K300, Prof. Kruschke K300 Statistics, Prof. Kruschke

Exam 3: Sample Questions
Updated Tuesday 3/08/2005

Be sure to
  • write your name and ID on every page
  • write clearly
  • annotate your computations -- an unannotated sequence of numbers and derivations that mysteriously ends up with the correct numerical answer will not be given full credit
  • answer every part of every question.
    1. Effect size.
      • Consider a figure like those shown in class, that has four distributions: The null population in the top left, the null sampling distribution in the top right, the alternative population in the bottom left, and the alternative sampling distribution in the bottom right. Be able to mark and identify the population means, standard deviation, and the effect size.
      • What is the technical definition of effect size?
      • A treatment is applied to three people, and their three scores are -1, 1 and 3. Assuming the null hypothesis mean is zero, what is the estimated effect size of the treatment?
      • Suppose a sample has a mean of 1.0 and a stdev (using N-1) of 2.0, and a sample size of 500. Assuming the null hypothesis mean is zero, what is the estimated effect size?
    2. Power.
      • Consider a figure like those shown in class, that has four distributions: The null population in the top left, the null sampling distribution in the top right, the alternative population in the bottom left, and the alternative sampling distribution in the bottom right. Be able to mark and identify the critical values and area that represents power.
      • What is the technical definition of statistical power?
      • What are the three realistic ways to increase the power of an experiment?
      • If an experiment has a sample size of 1,000 and the result is "significant," what must we be careful about when interpreting the conclusion?
      • If an experiment has a sample size of 4 and the result is "not significant," what must we be careful about when interpreting the conclusion?
    3. Computation of t-test (for a single mean).
      Suppose we apply a treatment to a sample of five people. The null hypothesis is no change, i.e., normally distributed scores with mean zero. The actual changes for the five people are 0, 0, 4, 8 and 8.
      Formulas: t = ( M - μ0 ) / [ S / sqrt(N) ]. S = sqrt( [1/(N-1)] Σi ( xi - M )2 ).
      • What is the best estimate of the population standard deviation? (Compute the actual value.) Is that larger or smaller than the standard deviation of the scores in the sample itself?
      • What is the value of t for the sample?
      • Can the null hypothesis be rejected at the .05 significance level? Be sure to state what the df value is, and what the critical t value is. (A table of critical t values will be displayed in class at test time.)
      • What is the estimated effect size? What must we be careful about when interpreting the conclusion of the significance test?
    4. Concepts of t-test (for a single mean).
      • The table of critical t values was generated by sampling from a normal population distribution. What happens to the critical values if the population is uniform (not normal)?

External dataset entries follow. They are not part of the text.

definition cost ::
  "'a::euclidean_space set \<Rightarrow> ('a \<Rightarrow> real) \<Rightarrow> nat \<Rightarrow> (nat \<Rightarrow> 'a) \<Rightarrow> real \<Rightarrow>
   (nat \<Rightarrow> real \<Rightarrow> real) \<Rightarrow> (nat \<Rightarrow> 'a set) \<Rightarrow> 'a \<Rightarrow> real" where
  "cost \<Omega> f k xs p h B x =
     (\<Sum>i\<in>{1..k}. (norm (x - xs i) powr p + h i (fmass \<Omega> f (B i))) * indicator (B i) x)"

definition is_equilibrium ::
  "'a::euclidean_space set \<Rightarrow> ('a \<Rightarrow> real) \<Rightarrow> nat \<Rightarrow> (nat \<Rightarrow> 'a) \<Rightarrow> real \<Rightarrow>
   (nat \<Rightarrow> real \<Rightarrow> real) \<Rightarrow> (nat \<Rightarrow> 'a set) \<Rightarrow> bool" where
  "is_equilibrium \<Omega> f k xs p h A \<longleftrightarrow>
     is_partition \<Omega> f k A \<and>
     (\<forall>i\<in>{1..k}.
        (let E = {x. \<forall>j\<in>{1..k}. j \<noteq> i \<longrightarrow>
                     norm (x - xs i) powr p + h i (fmass \<Omega> f (A i))
                       < norm (x - xs j) powr p + h j (fmass \<Omega> f (A j))}
         in emeasure (fmeas \<Omega> f) ((A i - E) \<union> (E - A i)) = 0))"

definition is_pareto ::
  "'a::euclidean_space set \<Rightarrow> ('a \<Rightarrow> real) \<Rightarrow> nat \<Rightarrow> (nat \<Rightarrow> 'a) \<Rightarrow> real \<Rightarrow>
   (nat \<Rightarrow> real \<Rightarrow> real) \<Rightarrow> (nat \<Rightarrow> 'a set) \<Rightarrow> bool" where
  "is_pareto \<Omega> f k xs p h A \<longleftrightarrow>
     is_partition \<Omega> f k A \<and>
     \<not> (\<exists>B. is_partition \<Omega> f k B \<and>
            (AE x in fmeas \<Omega> f. cost \<Omega> f k xs p h B x \<le> cost \<Omega> f k xs p h A x) \<and>
            emeasure (fmeas \<Omega> f) {x. cost \<Omega> f k xs p h B x < cost \<Omega> f k xs p h A x} > 0)"

end

theory Submission
  imports Defs
begin

text \<open>Let \<open>A\<close> be an equilibrium and let \<open>B\<close> be a partition whose cost is a.e. at most that
  of \<open>A\<close>. In an equilibrium every agent sits in a cell of least cost, so a.e. the cost of \<open>A\<close> is
  the minimum over \<open>i\<close> of \<open>|x - x\<^sub>i|\<^sup>p + h\<^sub>i(c\<^sub>i)\<close>. If some cell of \<open>B\<close> had more mass than
  the corresponding cell of \<open>A\<close>, strict monotonicity of \<open>h\<^sub>i\<close> would make every agent of that cell
  strictly worse off, so the cell would be negligible and have mass \<open>0\<close>, a contradiction. Hence
  no cell gains mass; since both mass vectors sum to \<open>1\<close>, the masses coincide, and then the
  cost of \<open>B\<close> is a.e. at least that of \<open>A\<close>, so \<open>B\<close> is not a strict improvement.\<close>

definition cell_cost ::
  "'a::euclidean_space set \<Rightarrow> ('a \<Rightarrow> real) \<Rightarrow> (nat \<Rightarrow> 'a) \<Rightarrow> real \<Rightarrow>
   (nat \<Rightarrow> real \<Rightarrow> real) \<Rightarrow> (nat \<Rightarrow> 'a set) \<Rightarrow> nat \<Rightarrow> 'a \<Rightarrow> real" where
  "cell_cost \<Omega> f xs p h B i x = norm (x - xs i) powr p + h i (fmass \<Omega> f (B i))"

lemma space_fmeas [simp]: "space (fmeas \<Omega> f) = UNIV"
  by (simp add: fmeas_def)

lemma sets_fmeas [simp]: "sets (fmeas \<Omega> f) = sets lebesgue"
  by (simp add: fmeas_def)

lemma sets_lebesgue_if_borel: "B \<in> sets borel \<Longrightarrow> B \<in> sets lebesgue"
  by (metis sets_completionI_sets sets_lborel)

lemma sum_indicator_single:
  fixes g :: "'i \<Rightarrow> 'b::ring_1"
  assumes "finite I" "j \<in> I" "x \<in> B j" "\<forall>i\<in>I. i \<noteq> j \<longrightarrow> x \<notin> B i"
  shows "(\<Sum>i\<in>I. g i * indicator (B i) x) = g j"
proof -
  have "(\<Sum>i\<in>I. g i * indicator (B i) x) = (\<Sum>i\<in>{j}. g i * indicator (B i) x)"
    using assms by (intro sum.mono_neutral_right) auto
  then show ?thesis
    using assms by simp
qed

lemma is_partition_AE_single_cell:
  assumes "is_partition \<Omega> f k B"
  shows "AE x in fmeas \<Omega> f. \<exists>j\<in>{1..k}. x \<in> B j \<and> (\<forall>i\<in>{1..k}. i \<noteq> j \<longrightarrow> x \<notin> B i)"
proof -
  have B: "i \<in> {1..k} \<Longrightarrow> B i \<in> sets lebesgue" for i
    using assms sets_lebesgue_if_borel unfolding is_partition_def by blast
  have disjoint: "AE x in fmeas \<Omega> f. \<forall>i\<in>{1..k}. \<forall>j\<in>{1..k}. i \<noteq> j \<longrightarrow> x \<notin> B i \<inter> B j"
  proof (intro AE_finite_allI finite_atLeastAtMost)
    fix i j assume "i \<in> {1..k}" "j \<in> {1..k}"
    then have "i \<noteq> j \<Longrightarrow> B i \<inter> B j \<in> null_sets (fmeas \<Omega> f)"
      using assms B unfolding is_partition_def null_sets_def by auto
    then show "AE x in fmeas \<Omega> f. i \<noteq> j \<longrightarrow> x \<notin> B i \<inter> B j"
      by (cases "i = j") (auto dest: AE_not_in)
  qed
  have "UNIV - (\<Union>i\<in>{1..k}. B i) \<in> null_sets (fmeas \<Omega> f)"
    using assms B unfolding is_partition_def null_sets_def by auto
  then have "AE x in fmeas \<Omega> f. x \<in> (\<Union>i\<in>{1..k}. B i)"
    by (auto dest: AE_not_in)
  with disjoint show ?thesis
    by eventually_elim blast
qed

lemma is_partition_AE_cost_eq_cell_cost:
  assumes "is_partition \<Omega> f k B"
  shows "AE x in fmeas \<Omega> f. \<forall>j\<in>{1..k}. x \<in> B j \<longrightarrow>
           cost \<Omega> f k xs p h B x = cell_cost \<Omega> f xs p h B j x"
  using is_partition_AE_single_cell[OF assms]
proof eventually_elim
  case (elim x)
  show ?case
  proof (intro ballI impI)
    fix j assume "j \<in> {1..k}" "x \<in> B j"
    from elim obtain j' where j': "j' \<in> {1..k}" "x \<in> B j'"
      "\<forall>i\<in>{1..k}. i \<noteq> j' \<longrightarrow> x \<notin> B i"
      by blast
    with \<open>j \<in> {1..k}\<close> \<open>x \<in> B j\<close> have "j = j'"
      by auto
    with j' show "cost \<Omega> f k xs p h B x = cell_cost \<Omega> f xs p h B j x"
      unfolding cost_def cell_cost_def by (intro sum_indicator_single) auto
  qed
qed

lemma AE_lebesgue_if_AE_fmeas:
  assumes "set_integrable lebesgue \<Omega> f" "\<forall>x\<in>\<Omega>. f x \<ge> 0"
    and "AE x in fmeas \<Omega> f. P x"
  shows "AE x in lebesgue. x \<in> \<Omega> \<and> f x \<noteq> 0 \<longrightarrow> P x"
proof -
  have "(\<lambda>x. f x * indicator \<Omega> x) \<in> borel_measurable lebesgue"
    using assms(1) by (simp add: set_integrable_def mult.commute)
  then have "AE x in lebesgue. 0 < ennreal (f x * indicator \<Omega> x) \<longrightarrow> P x"
    using assms(3) unfolding fmeas_def by (simp add: AE_density)
  then show ?thesis
    by eventually_elim (use assms(2) in \<open>force simp: indicator_def\<close>)
qed

lemma fmass_eq_integral:
  "fmass \<Omega> f B = (\<integral>x. indicator \<Omega> x * f x * indicator B x \<partial>lebesgue)"
  unfolding fmass_def set_lebesgue_integral_def
  by (intro Bochner_Integration.integral_cong) (auto simp: indicator_def)

lemma fmass_nonneg: "\<forall>x\<in>\<Omega>. f x \<ge> 0 \<Longrightarrow> fmass \<Omega> f B \<ge> 0"
  unfolding fmass_eq_integral
  by (intro Bochner_Integration.integral_nonneg) (auto simp: indicator_def)

lemma integrable_restrict_density:
  fixes f :: "'a::euclidean_space \<Rightarrow> real"
  assumes "set_integrable lebesgue \<Omega> f" "B \<in> sets borel"
  shows "integrable lebesgue (\<lambda>x. indicator \<Omega> x * f x * indicator B x)"
  using integrable_mult_indicator[where f="\<lambda>x. indicator \<Omega> x *\<^sub>R f x",
      OF sets_lebesgue_if_borel[OF assms(2)] assms(1)[unfolded set_integrable_def]]
  by (simp add: mult.commute)

lemma fmass_eq_0_if_AE_notin:
  assumes "set_integrable lebesgue \<Omega> f" "\<forall>x\<in>\<Omega>. f x \<ge> 0"
    and "AE x in fmeas \<Omega> f. x \<notin> B"
  shows "fmass \<Omega> f B = 0"
proof -
  have "AE x in lebesgue. indicator \<Omega> x * f x * indicator B x = (0::real)"
    using AE_lebesgue_if_AE_fmeas[OF assms] by eventually_elim (auto simp: indicator_def)
  then show ?thesis
    unfolding fmass_eq_integral by (rule integral_eq_zero_AE)
qed

lemma sum_fmass_partition:
  assumes "set_integrable lebesgue \<Omega> f" "\<forall>x\<in>\<Omega>. f x \<ge> 0"
    and "is_partition \<Omega> f k B"
  shows "(\<Sum>i\<in>{1..k}. fmass \<Omega> f (B i)) = (\<integral>x\<in>\<Omega>. f x \<partial>lebesgue)"
proof -
  let ?F = "\<lambda>x. indicator \<Omega> x * f x :: real"
  have int: "i \<in> {1..k} \<Longrightarrow> integrable lebesgue (\<lambda>x. ?F x * indicator (B i) x)" for i
    using assms(3) integrable_restrict_density[OF assms(1)] unfolding is_partition_def by blast
  have "AE x in lebesgue. x \<in> \<Omega> \<and> f x \<noteq> 0 \<longrightarrow>
      (\<exists>j\<in>{1..k}. x \<in> B j \<and> (\<forall>i\<in>{1..k}. i \<noteq> j \<longrightarrow> x \<notin> B i))"
    using AE_lebesgue_if_AE_fmeas[OF assms(1,2) is_partition_AE_single_cell[OF assms(3)]] .
  then have cover: "AE x in lebesgue. (\<Sum>i\<in>{1..k}. ?F x * indicator (B i) x) = ?F x"
  proof eventually_elim
    case (elim x)
    show ?case
    proof (cases "x \<in> \<Omega> \<and> f x \<noteq> 0")
      case True
      with elim obtain j where "j \<in> {1..k}" "x \<in> B j" "\<forall>i\<in>{1..k}. i \<noteq> j \<longrightarrow> x \<notin> B i"
        by blast
      then show ?thesis
        by (intro sum_indicator_single) auto
    next
      case False
      then have "?F x = 0"
        by (simp add: indicator_def)
      then show ?thesis
        by simp
    qed
  qed
  have "(\<Sum>i\<in>{1..k}. fmass \<Omega> f (B i)) = (\<integral>x. (\<Sum>i\<in>{1..k}. ?F x * indicator (B i) x) \<partial>lebesgue)"
    unfolding fmass_eq_integral using int by (intro Bochner_Integration.integral_sum[symmetric])
  also have "\<dots> = (\<integral>x. ?F x \<partial>lebesgue)"
  proof (rule integral_cong_AE[OF _ _ cover])
    show "(\<lambda>x. \<Sum>i\<in>{1..k}. ?F x * indicator (B i) x) \<in> borel_measurable lebesgue"
      using int by (intro borel_measurable_sum) auto
    show "?F \<in> borel_measurable lebesgue"
      using assms(1) by (simp add: set_integrable_def)
  qed
  finally show ?thesis
    by (simp add: set_lebesgue_integral_def)
qed

lemma fmass_partition_le:
  assumes "set_integrable lebesgue \<Omega> f" "\<forall>x\<in>\<Omega>. f x \<ge> 0"
    and "is_partition \<Omega> f k B" "i \<in> {1..k}"
  shows "fmass \<Omega> f (B i) \<le> (\<integral>x\<in>\<Omega>. f x \<partial>lebesgue)"
  using member_le_sum[OF assms(4), of "\<lambda>i. fmass \<Omega> f (B i)"] fmass_nonneg[OF assms(2)]
    sum_fmass_partition[OF assms(1-3)] by auto

lemma is_equilibrium_AE_cost_le_cell_cost:
  assumes "is_equilibrium \<Omega> f k xs p h A"
  shows "AE x in fmeas \<Omega> f. \<forall>i\<in>{1..k}. cost \<Omega> f k xs p h A x \<le> cell_cost \<Omega> f xs p h A i x"
proof -
  have partition: "is_partition \<Omega> f k A"
    using assms by (simp add: is_equilibrium_def)
  have "AE x in fmeas \<Omega> f. \<forall>i\<in>{1..k}. x \<in> A i \<longrightarrow>
      (\<forall>j\<in>{1..k}. j \<noteq> i \<longrightarrow> cell_cost \<Omega> f xs p h A i x < cell_cost \<Omega> f xs p h A j x)"
  proof (intro AE_finite_allI finite_atLeastAtMost)
    fix i assume i: "i \<in> {1..k}"
    define E where "E = {x. \<forall>j\<in>{1..k}. j \<noteq> i \<longrightarrow>
      cell_cost \<Omega> f xs p h A i x < cell_cost \<Omega> f xs p h A j x}"
    have "Measurable.pred borel (\<lambda>x. \<forall>j\<in>{1..k}. j \<noteq> i \<longrightarrow>
      norm (x - xs i) powr p + c i < norm (x - xs j) powr p + c j)" for c :: "nat \<Rightarrow> real"
      by measurable
    from this[of "\<lambda>j. h j (fmass \<Omega> f (A j))"] have "E \<in> sets borel"
      by (simp add: E_def cell_cost_def pred_def)
    moreover have "A i \<in> sets borel"
      using partition i unfolding is_partition_def by blast
    \<comment> \<open>measurability matters: \<open>emeasure\<close> vanishes on non-measurable sets by convention\<close>
    ultimately have "(A i - E) \<union> (E - A i) \<in> sets lebesgue"
      by (intro sets_lebesgue_if_borel sets.Un sets.Diff)
    moreover have "emeasure (fmeas \<Omega> f) ((A i - E) \<union> (E - A i)) = 0"
      using assms i unfolding is_equilibrium_def E_def cell_cost_def Let_def by simp
    ultimately have "(A i - E) \<union> (E - A i) \<in> null_sets (fmeas \<Omega> f)"
      by (simp add: null_sets_def)
    from AE_not_in[OF this]
    show "AE x in fmeas \<Omega> f. x \<in> A i \<longrightarrow>
      (\<forall>j\<in>{1..k}. j \<noteq> i \<longrightarrow> cell_cost \<Omega> f xs p h A i x < cell_cost \<Omega> f xs p h A j x)"
      by eventually_elim (auto simp: E_def)
  qed
  with is_partition_AE_single_cell[OF partition]
    is_partition_AE_cost_eq_cell_cost[OF partition, of xs p h]
  show ?thesis
  proof eventually_elim
    case (elim x)
    then obtain j where j: "j \<in> {1..k}" "x \<in> A j" "cost \<Omega> f k xs p h A x = cell_cost \<Omega> f xs p h A j x"
      by blast
    have "cell_cost \<Omega> f xs p h A j x \<le> cell_cost \<Omega> f xs p h A i x" if "i \<in> {1..k}" for i
      using that j elim by (cases "i = j") (auto intro: less_imp_le)
    with j show ?case
      by simp
  qed
qed
(* Suppose $\gamma>0$ and $\int^\infty\frac{\mathrm{d}x}{R(x)}<\infty$. Then for all $b>0$ and all $\lambda>0$, $\sum_{n=0}^\infty\lambda^nW_n(b)<\infty$.
   Context: Let $\Psi(\lambda)=\gamma\lambda+\frac{\sigma^2}{2}\lambda^2+\int_0^\infty(e^{-\lambda z}-1+\lambda z)\,\pi(\mathrm{d}z)$ for $\lambda\ge0$, with $\sigma\ge0$ and $\pi$ a measure on $(0,\infty)$ with $\int_0^\infty(z\wedge z^2)\pi(\mathrm{d}z)<\infty$. $R$ is continuous on $[0,\infty)$ and strictly positive on $(0,\infty)$. $W$ is the scale function associated with $\Psi$: $W(x)=0$ for $x<0$, $W$ continuous strictly increasing on $[0,\infty)$ with $\int_0^\infty e^{-qy}W(y)\mathrm{d}y=1/\Psi(q)$ for $q>0$. $W_0(x)=1$ and $W_{n+1}(x)=\int_x^\infty\frac{W(z-x)}{R(z)}W_n(z)\,\mathrm{d}z$ for $x\ge0$, $n\ge0$. *)

theory Defs
  imports "HOL-Analysis.Analysis"
begin

text \<open>Laplace exponent Psi of a spectrally negative Levy process with Levy measure pi
  (a measure on the reals carried by the half-line (0,infinity)).\<close>
definition Psi :: "real \<Rightarrow> real \<Rightarrow> real measure \<Rightarrow> real \<Rightarrow> real" where
  "Psi \<gamma> \<sigma> \<pi> l = \<gamma> * l + \<sigma>\<^sup>2 / 2 * l\<^sup>2
     + (\<integral>z\<in>{0<..}. (exp (- l * z) - 1 + l * z) \<partial>\<pi>)"

text \<open>The iterated functions W_n, valued in the extended nonnegative reals
  (the defining integrals have nonnegative integrands).\<close>
primrec Wn :: "(real \<Rightarrow> real) \<Rightarrow> (real \<Rightarrow> real) \<Rightarrow> nat \<Rightarrow> real \<Rightarrow> ennreal" where
  "Wn W R 0 x = 1"
| "Wn W R (Suc n) x = (\<integral>\<^sup>+ z\<in>{x..}. ennreal (W (z - x) / R z) * Wn W R n z \<partial>lborel)"

end

theory Submission
  imports Defs
begin

text \<open>
  Since \<open>\<Psi>(q) \<ge> \<gamma> q\<close>, the Laplace transform of the nondecreasing function \<open>W\<close> is at most
  \<open>1/(\<gamma> q)\<close>; taking \<open>q = 1/y\<close> shows that \<open>W\<close> is bounded by some \<open>M\<close>.
  Let \<open>\<Phi>(x) = \<integral>\<^sub>x\<^sup>\<infinity> dz / R(z)\<close>, finite for \<open>x > 0\<close>, with \<open>\<Phi>' = -1/R\<close>; below it appears as
  \<open>T - P x\<close> for a primitive \<open>P\<close> of \<open>1/R\<close> with limit \<open>T\<close> at infinity.
  Then by induction \<open>W\<^sub>n(x) \<le> M\<^sup>n \<Phi>(x)\<^sup>n / n!\<close> for \<open>x \<ge> b\<close>, because
  \<open>\<integral>\<^sub>x\<^sup>\<infinity> \<Phi>(z)\<^sup>n / R(z) dz = \<Phi>(x)\<^sup>n\<^sup>+\<^sup>1 / (n+1)\<close>.
  Hence \<open>\<Sum> \<lambda>\<^sup>n W\<^sub>n(b) \<le> exp (\<lambda> M \<Phi>(b)) < \<infinity>\<close>.
\<close>

lemma Psi_ge_linear: "\<gamma> * q \<le> Psi \<gamma> \<sigma> \<pi> q"
proof -
  have "0 \<le> exp (- q * z) - 1 + q * z" for z
    using exp_ge_add_one_self[of "- q * z"] by simp
  then have "0 \<le> (\<integral>z\<in>{0<..}. (exp (- q * z) - 1 + q * z) \<partial>\<pi>)"
    unfolding set_lebesgue_integral_def by (intro integral_nonneg_AE AE_I2) simp
  then show ?thesis
    unfolding Psi_def by simp
qed

lemma laplace_transform_ge_of_mono_on:
  fixes f :: "real \<Rightarrow> real"
  assumes f_mono: "mono_on {0..} f" and f0: "f 0 \<ge> 0"
    and lap: "((\<lambda>x. exp (- q * x) * f x) has_integral L) {0..}"
    and "q > 0" "y \<ge> 0"
  shows "exp (- q * y) * f y / q \<le> L"
proof -
  have "((\<lambda>x. f y * exp (- q * x)) has_integral f y * (exp (- q * y) / q)) {y..}"
    using \<open>q > 0\<close> by (intro has_integral_mult_right has_integral_exp_minus_to_infinity)
  then have step: "((\<lambda>x. if x \<in> {y..} then f y * exp (- q * x) else 0) has_integral
      exp (- q * y) * f y / q) {0..}"
    using \<open>y \<ge> 0\<close> by (subst has_integral_restrict) (auto simp: Int_absorb2 mult.commute)
  have le: "(if x \<in> {y..} then f y * exp (- q * x) else 0) \<le> exp (- q * x) * f x"
    if "x \<in> {0..}" for x
    using that \<open>y \<ge> 0\<close> mono_onD[OF f_mono, of 0 x] mono_onD[OF f_mono, of y x] f0
    by (auto simp: mult.commute)
  show ?thesis
    by (rule has_integral_le[OF step lap le])
qed
lemma bounded_P_gamma_sublevel:
  fixes B S :: "real^'n^'n"
  assumes "real CARD('n) < nu" "0 < gamma" "pd_mat B" "psd_mat S"
  shows "bounded {z. pd_mat (fst z) \<and> P_gamma nu gamma B S (fst z) (snd z) \<le> r}"
proof -
  have "0 < x \<bullet> ((matrix_inv B + S) *v x)" if "x \<noteq> 0" for x
    using pd_mat_inner_matrix_inv_pos[OF assms(3) that] assms(4)
    by (simp add: psd_mat_def matrix_vector_mult_add_rdistrib inner_add_right add_pos_nonneg)
  then obtain a where "0 < a" and a: "\<And>x. a * (x \<bullet> x) \<le> x \<bullet> ((matrix_inv B + S) *v x)"
    using quadratic_form_ge_norm by blast
  define c where "c = nu - real CARD('n)"
  define K where "K = r - CARD('n) * c * (ln (a / (2 * c)) + 1)"
  have "norm (X, Y) \<le> 2 * CARD('n)\<^sup>2 * (2 * K / a) + sqrt (2 * K / gamma)"
    if "pd_mat X" "P_gamma nu gamma B S X Y \<le> r" for X Y
  proof -
    have norm_X: "norm X \<le> CARD('n)\<^sup>2 * trace X"
      by (rule pd_mat_norm_le_trace[OF \<open>pd_mat X\<close>])
    then have "0 \<le> CARD('n)\<^sup>2 * trace X"
      using norm_ge_zero order_trans by blast
    then have "0 \<le> a / 2 * trace X"
      using \<open>0 < a\<close> by (simp add: zero_le_mult_iff)
    moreover have "0 \<le> gamma / 2 * (norm (X - Y))\<^sup>2"
      using assms(2) by simp
    moreover have "a / 2 * trace X + gamma / 2 * (norm (X - Y))\<^sup>2 \<le> K"
      using P_gamma_ge_trace[OF assms(1) \<open>0 < a\<close> a \<open>pd_mat X\<close>, of gamma Y] that(2)
      by (simp add: K_def c_def)
    ultimately have "a / 2 * trace X \<le> K" "gamma / 2 * (norm (X - Y))\<^sup>2 \<le> K"
      by linarith+
    then have "trace X \<le> 2 * K / a" "(norm (X - Y))\<^sup>2 \<le> 2 * K / gamma"
      using \<open>0 < a\<close> assms(2) by (simp_all add: field_simps)
    then have "norm X \<le> CARD('n)\<^sup>2 * (2 * K / a)" "norm (X - Y) \<le> sqrt (2 * K / gamma)"
      using norm_X mult_left_mono[of "trace X" "2 * K / a" "CARD('n)\<^sup>2"] real_le_rsqrt by auto
    moreover have "norm (X, Y) \<le> norm X + norm Y" "norm Y \<le> norm X + norm (X - Y)"
      using norm_Pair_le norm_triangle_ineq4[of X "X - Y"] by auto
    ultimately show ?thesis
      by linarith
  qed
  then show ?thesis
    unfolding bounded_iff by auto
qed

      • The table of critical t values was generated by sampling from a normal population distribution. What happens to the critical values if the population is severely skewed (not normal)?
      • The table of critical t values was generated by sampling from a normal population distribution. What happens to the critical values if the population is severely bimodal (not normal)?
      • Suppose we do an experiment and get sample scores of 1, 1, 1, 9, 9, and 9. The sample t value is therefore 2.80 (honest), and according to the t table the critical value is 2.57 (honest). Should we reject the null hypothesis?